Rindu (bab 22)

1K 127 26
                                    

Keputusan Djian untuk kembali ke rumah kakek Jono bukan semata-mata karena kakinya yang sedang sakit. Ada hal lain yang membuat remaja itu memilih sementara di rumah kakeknya.

Djian sedang marah, kesal pada seseorang. Meskipun sebenarnya dia tidak punya hak untuk itu. Sepulangnya dari rumah Andaru Djian berubah. Dia jadi lebih pendiam dan Banyak melamun.

Melihat itu membuat kakek Jono menjadi khawatir. Pria itu bertanya-tanya apa gerangan yang membuat cucu semata wayangnya itu bermuram durja.

"Djian di mana Bihan?" tanya kakek Jono pada pemuda yang sedang menonton acara TV.

"Ada di kamarnya Kek?" sahut Bihan lalu bergeser untuk memberi kakek tempat duduk.

Pria berusia 73 tahun itu lantas duduk di samping Bihan.

"Ada apa dengan anak itu Bihan? Kenapa sejak kemarin dia kelihatan murung? Apa terjadi sesuatu di sekolah? Apa ada yang mengganggunya?"

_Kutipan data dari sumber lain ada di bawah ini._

lemma card_exponent_vectors: "card exponent_vectors = p ^ d"
proof -
  let ?P = "PiE {1..d} (\<lambda>_. {0..<int p})"
  have "exponent_vectors = (\<lambda>f i. if i \<in> {1..d} then f i else 0) ` ?P"
  proof
    show "exponent_vectors \<subseteq> (\<lambda>f i. if i \<in> {1..d} then f i else 0) ` ?P"
    proof
      fix x assume x: "x \<in> exponent_vectors"
      then have "restrict x {1..d} \<in> ?P" "x = (\<lambda>i. if i \<in> {1..d} then restrict x {1..d} i else 0)"
        unfolding exponent_vectors_def by auto
      then show "x \<in> (\<lambda>f i. if i \<in> {1..d} then f i else 0) ` ?P" by blast
    qed
  qed (auto simp: exponent_vectors_def PiE_def)
  moreover have "inj_on (\<lambda>f i. if i \<in> {1..d} then f i else (0::int)) ?P"
  proof (rule inj_onI)
    fix f g assume f: "f \<in> ?P" and g: "g \<in> ?P"
      and eq: "(\<lambda>i. if i \<in> {1..d} then f i else 0) = (\<lambda>i. if i \<in> {1..d} then g i else 0)"
    show "f = g"
    proof
      fix i show "f i = g i"
        using f g fun_cong[OF eq, of i] by (cases "i \<in> {1..d}") (auto simp: PiE_def extensional_def)
    qed
  qed
  ultimately show ?thesis by (simp add: card_image card_PiE)
qed


lemma card_rcosets_delta_kernel:
  assumes fin: "finite (carrier G)"
  shows "p ^ d \<le> card (rcosets delta_kernel)"
proof -
  have inj: "inj_on (\<lambda>x. delta_kernel #> mon indices x) exponent_vectors"
  proof (rule inj_onI)
    fix x x' assume x: "x \<in> exponent_vectors" and x': "x' \<in> exponent_vectors"
      and eq: "delta_kernel #> mon indices x = delta_kernel #> mon indices x'"
    have "mon indices x \<in> delta_kernel #> mon indices x'"
      using eq monomial_indices_closed rcos_self[OF _ delta_kernel_subgroup] by blast
    then obtain n where n: "n \<in> delta_kernel" "mon indices x = n \<otimes> mon indices x'"
      unfolding r_coset_def by blast
    show "x = x'"
    proof
      fix j show "x j = x' j"
      proof (cases "j \<in> {1..d}")
        case True
        then show ?thesis
          using n delta_kernel_mult[OF n(1) monomial_indices_closed True]
            delta_monomial_indices[OF x True] delta_monomial_indices[OF x' True] by simp
      next
        case False
        then show ?thesis using x x' unfolding exponent_vectors_def by auto
      qed
    qed
  qed
  have "(\<lambda>x. delta_kernel #> mon indices x) ` exponent_vectors \<subseteq> rcosets delta_kernel"
    unfolding RCOSETS_def using monomial_indices_closed by blast
  moreover have "finite (rcosets delta_kernel)"
    unfolding RCOSETS_def using fin by simp
  ultimately show ?thesis
    using card_inj_on_le[OF inj] card_exponent_vectors by simp
qed
lemma stage_Suc_centres:
  assumes "stage n T c r"
  obtains q T' \<rho> where "T' \<subseteq> T" "admissible (Suc n) T'" "0 < \<rho>"
    "\<And>s. length s = n \<Longrightarrow> q s \<in> P \<and> q s \<noteq> c s \<and> dist (q s) (c s) < r s"
    "\<And>s. length s = n \<Longrightarrow> good (Suc n) (c s) \<rho> T' \<and> good (Suc n) (q s) \<rho> T'"
proof -
  define S where "S = {s :: bool list. length s = n}"
  have "finite S"
    unfolding S_def using finite_lists_length_eq[of "UNIV :: bool set" n] by simp
  have adm: "admissible n T" and node: "\<And>s. s \<in> S \<Longrightarrow> c s \<in> P \<and> 0 < r s \<and> good n (c s) (r s) T"
    using assms unfolding stage_def S_def by auto
  define F where "F = (\<lambda>s. (c s, r s)) ` S"
  have "finite F" and F_node: "\<And>a b. (a, b) \<in> F \<Longrightarrow> a \<in> P \<and> 0 < b \<and> good n a b T"
    unfolding F_def using \<open>finite S\<close> node by auto
  then obtain \<delta> where "0 < \<delta>" and \<delta>: "\<forall>Q. finite Q \<and> card Q \<le> 2 * card S \<and> Q \<subseteq> P \<and>
      (\<forall>q\<in>Q. \<exists>(a, b)\<in>F. dist q a < \<delta> \<and> dist q a < b) \<longrightarrow>
      (\<exists>T'\<subseteq>T. admissible (Suc n) T' \<and> (\<exists>\<rho>>0. \<forall>q\<in>Q. good (Suc n) q \<rho> T'))"
    using refine[OF adm \<open>finite F\<close> F_node, where N = "2 * card S"] by blast
  have "\<exists>q\<in>P. q \<noteq> c s \<and> dist q (c s) < min \<delta> (r s)" if "s \<in> S" for s
    using perfect node[OF that] \<open>0 < \<delta>\<close> unfolding perfect_set_def islimpt_approachable
    by (metis min_less_iff_conj)
  then obtain q where q: "\<And>s. s \<in> S \<Longrightarrow> q s \<in> P \<and> q s \<noteq> c s \<and> dist (q s) (c s) < min \<delta> (r s)"
    by metis
  define Q where "Q = c ` S \<union> q ` S"
  have "finite Q" and "Q \<subseteq> P"
    unfolding Q_def using \<open>finite S\<close> q node by auto
  have "card Q \<le> card (c ` S) + card (q ` S)"
    unfolding Q_def by (rule card_Un_le)
  also have "\<dots> \<le> card S + card S"
    using \<open>finite S\<close> by (intro add_mono card_image_le)
  finally have "card Q \<le> 2 * card S" by simp
  moreover have "\<forall>x\<in>Q. \<exists>(a, b)\<in>F. dist x a < \<delta> \<and> dist x a < b"
  proof
    fix x assume "x \<in> Q"
    then obtain s where "s \<in> S" and "x = c s \<or> x = q s"
      unfolding Q_def by blast
    then have "(c s, r s) \<in> F" and "dist x (c s) < \<delta> \<and> dist x (c s) < r s"
      using q node \<open>0 < \<delta>\<close> unfolding F_def by auto
    then show "\<exists>(a, b)\<in>F. dist x a < \<delta> \<and> dist x a < b" by blast
  qed
  ultimately have "\<exists>T'\<subseteq>T. admissible (Suc n) T' \<and> (\<exists>\<rho>>0. \<forall>x\<in>Q. good (Suc n) x \<rho> T')"
    using \<open>finite Q\<close> \<open>Q \<subseteq> P\<close> by (intro \<delta>[rule_format]) simp
  then obtain T' \<rho> where "T' \<subseteq> T" "admissible (Suc n) T'" "0 < \<rho>"
      and good_Q: "\<And>x. x \<in> Q \<Longrightarrow> good (Suc n) x \<rho> T'"
    by blast
  show ?thesis
    by (rule that[OF \<open>T' \<subseteq> T\<close> \<open>admissible (Suc n) T'\<close> \<open>0 < \<rho>\<close>]) (use q good_Q in \<open>auto simp: S_def Q_def\<close>)
qed

lemma stage_Suc_exists:
  assumes "stage n T c r"
  shows "\<exists>T' c' r'. T' \<subseteq> T \<and> ball_tree_refines n c r c' r' \<and> stage (Suc n) T' c' r'"
proof -
  obtain T' \<rho> q where "T' \<subseteq> T" "admissible (Suc n) T'" "0 < \<rho>"
    and q: "\<And>s. length s = n \<Longrightarrow> q s \<in> P \<and> q s \<noteq> c s \<and> dist (q s) (c s) < r s"
    and good: "\<And>s. length s = n \<Longrightarrow> good (Suc n) (c s) \<rho> T' \<and> good (Suc n) (q s) \<rho> T'"
    by (rule stage_Suc_centres[OF assms]) blast
  obtain c' r' where "ball_tree_refines n c r c' r'" and c': "\<And>s i. c' (s @ [i]) = (if i then q s else c s)"
    and r': "\<And>s i. length s = n \<Longrightarrow> 0 < r' (s @ [i]) \<and> r' (s @ [i]) \<le> \<rho>"
    using ball_tree_refines_exists[of n q c r \<rho>] q \<open>0 < \<rho>\<close> by blast
  moreover have "stage (Suc n) T' c' r'"
    unfolding stage_def
  proof (intro conjI allI impI \<open>admissible (Suc n) T'\<close>)
    fix l :: "bool list" assume "length l = Suc n"
    then obtain s i where l: "l = s @ [i]" and s: "length s = n"
      unfolding length_Suc_conv_rev by blast
    have "c s \<in> P"
      using assms s unfolding stage_def by blast
    then show "c' l \<in> P"
      unfolding l c' using q[OF s] by simp
    show "0 < r' l"
      unfolding l using r'[OF s] by simp
    show "good (Suc n) (c' l) (r' l) T'"
      unfolding l c' using good_mono[of "Suc n" _ \<rho> T' "r' (s @ [i])"] good[OF s] r'[OF s] by simp
  qed
  ultimately show ?thesis
    using \<open>T' \<subseteq> T\<close> by blast
qed
(* Define polynomials $P_k(x)\in\mathbb{Q}[x]$ by $P_0(x):=0$, $P_1(x):=1$, and for $k\ge2$ $$P_k(x):=-\frac{1}{(2k-1)(k-1)}\sum_{i=1}^{k-1}\left(6x\binom{2k}{2i}(2^{2i-1}-1)+\binom{2k}{2i+2}(2^{2i+1}-1)-2^{2i}\binom{2k}{2i+1}+\binom{2k}{2i}\right)P_{k-i}(x).$$ Then for $k\ge2$ we have the recurrence $$P_k(x)=(1-12x)P_{k-1}(x)-36x^2P_{k-2}(x),$$ and the explicit formula $$P_k(x)=2^{1-2k}\sum_{j=0}^{k-1}\binom{2k}{2j+1}(1-24x)^j=\frac{1}{\sqrt{1-24x}}\left(\left(\frac{1+\sqrt{1-24x}}{2}\right)^{2k}-\left(\frac{1-\sqrt{1-24x}}{2}\right)^{2k}\right).$$
   Context: These are the polynomials $P_k$ for which the rank moment generating functions satisfy $\mathcal{R}_{2k}=P_k(\delta_q)\mathcal{R}_2+(\text{terms built from crank moments})$, where $\delta_q=q\frac{d}{dq}$; the defining recursion above is the one induced on the coefficient of $\mathcal{R}_2$. In the last expression any fixed branch of the square root may be taken. *)

theory Defs
  imports Complex_Main "HOL-Computational_Algebra.Polynomial"
begin

function P :: "nat \<Rightarrow> rat poly" where
  "P k = (if k = 0 then 0 else if k = 1 then 1 else
     smult (- (1 / ((2 * of_nat k - 1) * (of_nat k - 1))))
       (\<Sum>i\<in>{1..k-1}.
          (smult (6 * of_nat ((2*k) choose (2*i)) * ((2::rat) ^ (2*i-1) - 1)) [:0, 1:]
           + [: of_nat ((2*k) choose (2*i+2)) * ((2::rat) ^ (2*i+1) - 1)
                - (2::rat) ^ (2*i) * of_nat ((2*k) choose (2*i+1))
                + of_nat ((2*k) choose (2*i)) :])
          * P (k - i)))"
  by pat_completeness auto
termination
  by (relation "measure id") auto

end

theory Submission
  imports Defs
begin

text \<open>Put \<open>s^2 = 1 - 24 x\<close>, \<open>a = (1 + s)/2\<close>, \<open>b = (1 - s)/2\<close>, so that \<open>a + b = 1\<close>
  and \<open>a b = 6 x\<close>, and let \<open>f k = (a^(2k) - b^(2k)) / s\<close>.  Substituting \<open>y^(2(k-i))\<close> for
  \<open>P (k-i)\<close> in the defining recursion, each of the four parts of the coefficient gives a
  truncated even or odd part of a binomial expansion, so the sum is a combination of
  \<open>(y \<plusminus> 1)^(2k)\<close>, \<open>(y \<plusminus> 2)^(2k)\<close> and \<open>y^(2k)\<close>.  As \<open>b = 1 - a\<close>, the even powers occurring for
  \<open>y = b\<close> are those occurring for \<open>y = a\<close>, and in the difference of the two combinations all
  that survives is \<open>-(2k-1)(k-1)(a^(2k) - b^(2k))\<close>.  So \<open>f\<close> satisfies the defining recursion
  and equals \<open>P k\<close> at every \<open>x \<noteq> 1/24\<close>.  The three-term recurrence (from \<open>a^2 + b^2 = 1 - 12 x\<close>,
  \<open>a^2 b^2 = 36 x^2\<close>) and the explicit sum (the odd part of \<open>(1 + s)^(2k)\<close>) are properties of
  \<open>f\<close>, and they transfer to \<open>P k\<close> because a polynomial is determined by its values off a point.\<close>

declare P.simps [simp del]

lemma sum_atMost_split_ends:
  fixes h :: "nat \<Rightarrow> 'a :: comm_monoid_add"
  assumes "1 \<le> k"
  shows "sum h {..k} = h 0 + sum h {1..k-1} + h k"
proof -
  have "{..k} = insert 0 (insert k {1..k-1})" using assms by auto
  then show ?thesis using assms by (simp add: add_ac)
qed

lemma sum_lessThan_split_first:
  fixes h :: "nat \<Rightarrow> 'a :: comm_monoid_add"
  assumes "1 \<le> k"
  shows "sum h {..<k} = h 0 + sum h {1..k-1}"
proof -
  have "{..<k} = insert 0 {1..k-1}" using assms by auto
  then show ?thesis by simp
qed

lemma binomial_even_odd_split:
  fixes y t :: "'a :: comm_ring_1"
  shows "(y + t) ^ (2*k) = (\<Sum>i\<le>k. of_nat (2*k choose (2*i)) * t ^ (2*i) * y ^ (2*k - 2*i))
     + (\<Sum>i<k. of_nat (2*k choose (2*i+1)) * t ^ (2*i+1) * y ^ (2*k - (2*i+1)))"
proof -
  define g where "g j = of_nat (2*k choose j) * t ^ j * y ^ (2*k - j)" for j
  have "(y + t) ^ (2*k) = (\<Sum>j\<le>Suc (2*k). g j)"
    using binomial_ring[of t y "2*k"] by (simp add: g_def add.commute binomial_eq_0)
  also have "\<dots> = (\<Sum>i\<le>k. g (2*i)) + (\<Sum>i\<le>k. g (Suc (2*i)))"
    by (simp only: sum.in_pairs_0 sum.distrib)
  also have "(\<Sum>i\<le>k. g (Suc (2*i))) = (\<Sum>i<k. g (Suc (2*i)))"
    by (simp add: lessThan_Suc_atMost[symmetric] g_def binomial_eq_0)
  finally show ?thesis by (simp add: g_def)
qed

lemma binomial_even_part:
  fixes y t :: "'a :: field_char_0"
  shows "(\<Sum>i\<le>k. of_nat (2*k choose (2*i)) * t ^ (2*i) * y ^ (2*k - 2*i))
       = ((y + t) ^ (2*k) + (y - t) ^ (2*k)) / 2"
  using binomial_even_odd_split[of y t k] binomial_even_odd_split[of y "-t" k]
  by (simp add: power_mult sum_negf)

lemma binomial_odd_part:
  fixes y t :: "'a :: field_char_0"
  shows "(\<Sum>i<k. of_nat (2*k choose (2*i+1)) * t ^ (2*i+1) * y ^ (2*k - (2*i+1)))
       = ((y + t) ^ (2*k) - (y - t) ^ (2*k)) / 2"
  using binomial_even_odd_split[of y t k] binomial_even_odd_split[of y "-t" k]
  by (simp add: power_mult sum_negf)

Bihan mendesah pelan, lalu mengecilkan volume suara TV. "Aku juga kurang tahu Kek, tapi sepertinya bukan masalah di sekolah. Kakek lihat sendiri, tadi teman-temannya datang ke sini untuk melihat keadaannya. Mereka terlihat baik-baik saja."

"Terus kenapa Djian kelihatan sedih begitu? Apa dia tidak cerita sesuatu sama kamu?"

Bihan menggeleng.

"Kalau aku boleh menebak, sepertinya bertengkar dengan pemilik rumah besar itu," ujar Bihan menebak-nebak.

Kakek Jono mengerutkan kening.

"Nak Andaru?" kata kakek dengan wajah tidak percaya.

"Bertengkar kenapa sama Nak Ndaru? Laki-laki itu orang baik."

"Orang baik buat Kakek. Kalau untuk Djian, dia adalah pria menyebalkan menurutnya Kek."

"Eh, masa Djian sampai hari ini masih berpikir begitu?"

"Nyatanya setiap aku menyebut namanya Djian langsung marah."

Kakek Jono terdiam.

"Kakek jangan khawatir, mungkin bukan bertengkar serius. Kakek tahu sendiri watak Djian itu bagaimana."

"Kakek takut Djian bersikap tidak sopan pada Nak Andaru. Biar bagaimanapun Djian sedang bekerja di rumahnya untuk ganti rugi."

"Tenang Kek, Djian tidak akan bersikap melewati batas, mungkin besok pemilik rumah itu datang ke sini buat jemput Djian," ucap Bihan menenangkan kakek Jono.

Di dalam kamarnya Djian bergerak gelisah di atas kasur. Remaja itu membaca buku sambil tiduran. Namun, apa yang dia baca sama sekali tidak masuk ke dalam otaknya. Pikirannya penuh oleh nama seseorang. Andaru!

Djian sampai kesal pada diri sendiri. Mengapa dia terus memikirkan pria itu? Mengapa dia gelisah seperti ini? Ingin rasanya Djian berlari untuk kembali ke rumah besar itu dan bertemu dengan Andaru.

"Tdak melihatnya dua hari kenapa rasanya rindu sekali," keluh Djian pada diri sendiri. Remaja itu lantas menutup bukunya. Tidur tengkurap, tak berapa lama Djian berubah tidur terlentang. Menatap langit-langit kamarnya lalu mengacak rambutnya sendiri. Kakinya ia entakkan ke kasur berulang kali.

"Kenapa dia tidak datang ke sini untuk memintaku pulang ke rumahnya, dia tidak peduli dengan kakiku yang sakit. Dasar Om Om tidak punya perasaan," sesal Djian, meratapi Andaru yang tak peduli akan dirinya.

Di tempat berbeda, Andaru pun sama, pria itu resah. Sudah dua hari Djian tidak datang ke rumahnya. Tiba-tiba saja rumah besar itu kembali sepi. Walau ada dua orang teman yang menemaninya. Rasanya tetap tak sama, tidak ada remaja bertubuh mungil yang ke sana sini membersihkan setiap sudut rumahnya.